[Stored data]

lemma sum_input_indices_by_lines:
  fixes F :: "nat list \<Rightarrow> 'a::comm_monoid_add"
  assumes "m < k - 1"
  shows "(\<Sum>js\<in>input_indices k n. F js)
       = (\<Sum>r\<in>line_representatives k n m. \<Sum>j<n. F (r[m := j]))"
proof -
  let ?R = "line_representatives k n m" and ?I = "input_indices k n"
  have "bij_betw (\<lambda>(r, j). r[m := j]) (?R \<times> {..<n}) ?I"
  proof (rule bij_betw_byWitness[where f' = "\<lambda>js. (js[m := 0], js ! m)"])
    show "\<forall>a\<in>?R \<times> {..<n}. (\<lambda>js. (js[m := 0], js ! m)) ((\<lambda>(r, j). r[m := j]) a) = a"
      using assms by (auto simp: line_representatives_def input_indices_def) (metis list_update_id)
    show "\<forall>js\<in>?I. (\<lambda>(r, j). r[m := j]) (js[m := 0], js ! m) = js"
      by simp
    show "(\<lambda>(r, j). r[m := j]) ` (?R \<times> {..<n}) \<subseteq> ?I"
      by (auto simp: line_representatives_def intro: update_in_input_indices)
    show "(\<lambda>js. (js[m := 0], js ! m)) ` ?I \<subseteq> ?R \<times> {..<n}"
    proof (rule image_subsetI)
      fix js assume js: "js \<in> ?I"
      then have "js ! m < n" using assms by (rule nth_input_indices_less)
      moreover have "js[m := 0] \<in> ?I"
        using js \<open>js ! m < n\<close> by (intro update_in_input_indices) auto
      ultimately show "(js[m := 0], js ! m) \<in> ?R \<times> {..<n}"
        using js assms by (simp add: line_representatives_def input_indices_def)
    qed
  qed
  then have "(\<Sum>x\<in>?R \<times> {..<n}. F ((\<lambda>(r, j). r[m := j]) x)) = (\<Sum>js\<in>?I. F js)"
    by (rule sum.reindex_bij_betw)
  then show ?thesis
    by (simp add: sum.cartesian_product split_def)
qed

#### WORK REQUEST:
So that nothing is lost, transcribe each entry exactly as written.

#### ANSWER BOX:
lemma sum_input_indices_by_lines:
  fixes F :: "nat list \<Rightarrow> 'a::comm_monoid_add"
  assumes "m < k - 1"
  shows "(\<Sum>js\<in>input_indices k n. F js)
       = (\<Sum>r\<in>line_representatives k n m. \<Sum>j<n. F (r[m := j]))"
proof -
  let ?R = "line_representatives k n m" and ?I = "input_indices k n"
  have "bij_betw (\<lambda>(r, j). r[m := j]) (?R \<times> {..<n}) ?I"
  proof (rule bij_betw_byWitness[where f' = "\<lambda>js. (js[m := 0], js ! m)"])
    show "\<forall>a\<in>?R \<times> {..<n}. (\<lambda>js. (js[m := 0], js ! m)) ((\<lambda>(r, j). r[m := j]) a) = a"
      using assms by (auto simp: line_representatives_def input_indices_def) (metis list_update_id)
    show "\<forall>js\<in>?I. (\<lambda>(r, j). r[m := j]) (js[m := 0], js ! m) = js"
      by simp
    show "(\<lambda>(r, j). r[m := j]) ` (?R \<times> {..<n}) \<subseteq> ?I"
      by (auto simp: line_representatives_def intro: update_in_input_indices)
    show "(\<lambda>js. (js[m := 0], js ! m)) ` ?I \<subseteq> ?R \<times> {..<n}"
    proof (rule image_subsetI)
      fix js assume js: "js \<in> ?I"
      then have "js ! m < n" using assms by (rule nth_input_indices_less)
      moreover have "js[m := 0] \<in> ?I"
        using js \<open>js ! m < n\<close> by (intro update_in_input_indices) auto
      ultimately show "(js[m := 0], js ! m) \<in> ?R \<times> {..<n}"
        using js assms by (simp add: line_representatives_def input_indices_def)
    qed
  qed
  then have "(\<Sum>x\<in>?R \<times> {..<n}. F ((\<lambda>(r, j). r[m := j]) x)) = (\<Sum>js\<in>?I. F js)"
    by (rule sum.reindex_bij_betw)
  then show ?thesis
    by (simp add: sum.cartesian_product split_def)
qed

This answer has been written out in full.